Tonight after I get home from getting my senior picture taken, Im going to order the 501 under the $199 promo. I am hoping so bad that there will be an outage 501's around here so I'll get a 508 instad. Wish me luck!


----------



## DishDude1 (Apr 13, 2002)

senior picture, geez I thought I was young being into this stuff at 24...on second thought I was always into home theater  Too bad I didn't get my hands on a dish until I was 19


----------



## Steve Mehs (Mar 21, 2002)

Just ordered it!  Install is set for this Sunday in between Noon and 5PM. My mom asked, and they said yes, that the 501 is in stock so thats what I'll be getting. Kinda dissapoiated, but I'm really happy I can finally get rid of this pathetic 2800  

I started getting into DBS when I was 12 and got E* when I was 13, nearly 4 years later I get to say odd-e-os, to my 2800 and say hello to a PVR. No I just gotta order a toslink -> coax converter for DD/PCM.


----------



## John Corn (Mar 21, 2002)

Good for you Steve, I'm sure you going to enjoy it.


----------



## jcase (Mar 25, 2002)

Once you have a PVR you will never want to watch TV without a PVR again.


----------



## smhartner (Jul 24, 2002)

Absolutely true!!!

I love my 501. With two small kids, there is never a shortage of shows to repeatedly watch.

I can't remember the last time we watched a show straight through at night.
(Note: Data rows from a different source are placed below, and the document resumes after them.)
(* Let $G$ be a group which is an internal semidirect product $G = HK$, where $H$ is a normal subgroup of $G$, $K$ is a subgroup of $G$ with $H\cap K=1$. Let $\hat{\mathcal{M}}_K$ be the set of all formal matrices $\begin{pmatrix}\alpha & 0\\ \gamma & \delta\end{pmatrix}$ with $\alpha\in \mathrm{Map}(H,H)$, $\gamma\in \mathrm{Hom}(H,K)$, $\delta\in \mathrm{Aut}(K)$ satisfying: (C1) $\alpha(hh') = \alpha(h)\,\alpha(h')^{\gamma(h)}$ for all $h,h'\in H$; (C2) $\gamma(h^{k}) = \gamma(h)^{\delta(k)}$ for all $h\in H$, $k\in K$; (C3) $\alpha(h^{k}) = \alpha(h)^{\delta(k)}$ for all $h\in H$, $k\in K$; (C4) for every $h'k'\in G$ ($h'\in H$, $k'\in K$) there is a unique $hk\in G$ ($h\in H,k\in K$) with $\alpha(h)=h'$ and $\gamma(h)\delta(k)=k'$. Equip $\hat{\mathcal{M}}_K$ with the multiplication $\begin{pmatrix}\alpha & 0\\ \gamma & \delta\end{pmatrix}\begin{pmatrix}\alpha' & 0\\ \gamma' & \delta'\end{pmatrix}=\begin{pmatrix}\alpha\alpha' & 0\\ \gamma\alpha'+\delta\gamma' & \delta\delta'\end{pmatrix}$, where $\alpha\alpha'$, $\delta\delta'$ are compositions and $(\gamma\alpha'+\delta\gamma')(h)=\gamma(\alpha'(h))\,\delta(\gamma'(h))$. Then $\hat{\mathcal{M}}_K$ is a group and the group $\mathrm{Aut}_K(G)$ is isomorphic to $\hat{\mathcal{M}}_K$ (via $\theta\mapsto \begin{pmatrix}\alpha & 0\\ \gamma & \delta\end{pmatrix}$ where $\theta(h)=\alpha(h)\gamma(h)$ for $h\in H$ and $\delta=\theta|_K$).
   Context: For a group $G$ and $x,y\in G$, $x^{y}$ denotes the conjugate $yxy^{-1}$. For a subgroup $K$ of $G$, $\mathrm{Aut}_K(G)=\{\theta\in\mathrm{Aut}(G)\mid \theta(K)=K\}$. $\mathrm{Map}(H,H)$ denotes the set of all maps $H\to H$. *)

theory Defs
  imports "HOL-Algebra.Algebra"
begin

(* conjugation x^y = y x y^{-1} *)
definition conjg :: "('a, 'b) monoid_scheme \<Rightarrow> 'a \<Rightarrow> 'a \<Rightarrow> 'a"
  where "conjg G x y = y \<otimes>\<^bsub>G\<^esub> x \<otimes>\<^bsub>G\<^esub> inv\<^bsub>G\<^esub> y"
lemma power_inj_on:
  fixes \<omega> :: "'a::field"
  assumes "\<omega> \<noteq> 0" and ord: "\<And>k. 0 < k \<Longrightarrow> k < T \<Longrightarrow> \<omega> ^ k \<noteq> 1"
  shows "inj_on (\<lambda>a. \<omega> ^ a) {..<T}"
proof -
  have neq: "\<omega> ^ a \<noteq> \<omega> ^ b" if "a < b" "b < T" for a b
  proof
    assume eq: "\<omega> ^ a = \<omega> ^ b"
    have "\<omega> ^ b = \<omega> ^ a * \<omega> ^ (b - a)"
      using \<open>a < b\<close> by (simp add: power_add[symmetric])
    then have "\<omega> ^ a * \<omega> ^ (b - a) = \<omega> ^ a * 1" using eq by simp
    then have "\<omega> ^ (b - a) = 1" using assms(1) by simp
    then show False using ord[of "b - a"] that by simp
  qed
  show ?thesis
  proof (rule inj_onI)
    fix a b assume "a \<in> {..<T}" "b \<in> {..<T}" "\<omega> ^ a = \<omega> ^ b"
    then show "a = b" using neq[of a b] neq[of b a] by (cases a b rule: linorder_cases) auto
  qed
qed

text \<open>Let g_j(X) = \<Sum>_e A e (h j) X^e
  have lowest term X^(h j).  Then the polynomial matrix (g_j(\<omega>^l X))_(l,j) has a nonzero
  determinant: its coefficient in degree \<Sum>_j h j is the Vandermonde determinant of
  the distinct points \<omega>^(h j).\<close>
lemma triangular_vandermonde_det_nonzero:
  fixes A :: "nat \<Rightarrow> nat \<Rightarrow> 'a::field" and \<omega> :: 'a
  assumes low: "\<And>j e. j < d \<Longrightarrow> e < h j \<Longrightarrow> A e (h j) = 0"
    and diag: "\<And>j. j < d \<Longrightarrow> A (h j) (h j) = 1"
    and hT: "\<And>j. j < d \<Longrightarrow> h j < T"
    and inj: "inj_on (\<lambda>j. \<omega> ^ h j) {..<d}"
  shows "det (mat d d (\<lambda>(l,j). \<Sum>e<T. monom (A e (h j) * (\<omega>^l)^e) e)) \<noteq> 0"
proof -
  let ?G = "mat d d (\<lambda>(l,j). \<Sum>e<T. monom (A e (h j) * (\<omega>^l)^e) e)"
  have coeff_G: "coeff (\<Sum>e<T. monom (A e (h j) * (\<omega>^l)^e) e) k
      = (if k < T then A k (h j) * (\<omega>^l)^k else 0)" for l j k
    by (simp add: coeff_sum coeff_monom)
  have "coeff (det ?G) (\<Sum>j<d. h j) = det (mat d d (\<lambda>(l,j). coeff (?G $$ (l,j)) (h j)))"
    by (rule coeff_det_low_order) (auto simp: coeff_G low)
  also have "mat d d (\<lambda>(l,j). coeff (?G $$ (l,j)) (h j)) = mat d d (\<lambda>(l,j). (\<omega> ^ h j) ^ l)"
  proof (rule eq_matI)
    fix l j assume "l < dim_row (mat d d (\<lambda>(l,j). (\<omega> ^ h j) ^ l))"
      "j < dim_col (mat d d (\<lambda>(l,j). (\<omega> ^ h j) ^ l))"
    then have "l < d" "j < d" by auto
    then show "mat d d (\<lambda>(l,j). coeff (?G $$ (l,j)) (h j)) $$ (l,j) = mat d d (\<lambda>(l,j). (\<omega> ^ h j) ^ l) $$ (l,j)"
      using coeff_G[of j l "h j"] hT diag by (simp add: power_mult[symmetric] mult.commute)
  qed auto
  finally have "coeff (det ?G) (\<Sum>j<d. h j) \<noteq> 0"
    using vandermonde_det_nonzero[OF inj] by simp
  then show ?thesis by auto
qed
This is a critical piece of equipment for us!

Unfortunately, we have a 4900 in our bedroom, and I'm always trying to rewind and pause 


Scott
:rotfl: :rolling:


----------



## Steve Mehs (Mar 21, 2002)

Is there anything I should know about the 501 before it arrives? Most of the bugs have been fixed, correct?


----------



## Scott Greczkowski (Mar 21, 2002)

Your 501 may take awhile to get the full guide downloaded. But other then that you will be flying! And again once you get use to it you won't watch TV the same way again.


----------



## JohnMI (Apr 2, 2002)

Indeed. The 501 changed our lives. Literally. heh. TV will never be the same.

And now I can't STAND to watch TV anywhere else. We go to the relatives and if someone happens to give me the remote, I realize just how much the 501 (or 508 or 721) rocks. heh.


----------



## cnsf (Jun 6, 2002)

NEVER watch live shows. It really gets to you when you're watching live and cant FF over the commercials.....

My kids also LOVE having their shows to watch anytime they want.


----------



## Steve Mehs (Mar 21, 2002)

Only 18 more hours until my 501 arrives  

He's bonus and might just make up for not getting the 508. I got the confirmation call for the 501 yesterday and it was from a regional retailer I mentioned here a few times before, Intertech. Right now Intertech is having a promo, if you order anything from them you get a free cooler filled with tshirts, bumper stickers, mugs and other stuff from my favorite radio station, THE EDGE. So thats kinda cool


----------



## Steve Mehs (Mar 21, 2002)

My 501 is here!!!

How the hell did I ever live with out a PVR???

Installer got here around 3:30, unhooked the 2700 and hooked up the 501, went to do a check switch and no signal.  after checking the connections and trying everything again, it was determined that this unit was DOA. He went out to his truck and got another one and it worked perfectly. I let the guide download, which only took about 2 minutes. I initally had some problems with the guide saying info not available and some of the channels I should be getting I wasnt, I pulled the card and bah-da-bing everything was fine. The only thing the installer accidently took the UHF antenna with him, thinking it was from the DOA unit, I guess. All I have to do is call E* and tell them what happened and they'll send me one, right? I didnt notice that until just now. 

Overall I am very happy with the501 thus far, I have to get usedto the different UI, instant weather is cool!. Whats the Dish logo button on the remote for?


----------



## Mark Lamutt (Mar 24, 2002)

Steve - what's your software version? The Dish button is to take you directly to Dish Home when the 501s get updated to it. Do you have a copy of the work order from the installer? If so, his phone number should be on there, and I'd call him rather than dish.


----------



## Steve Mehs (Mar 21, 2002)

s/w is 154


----------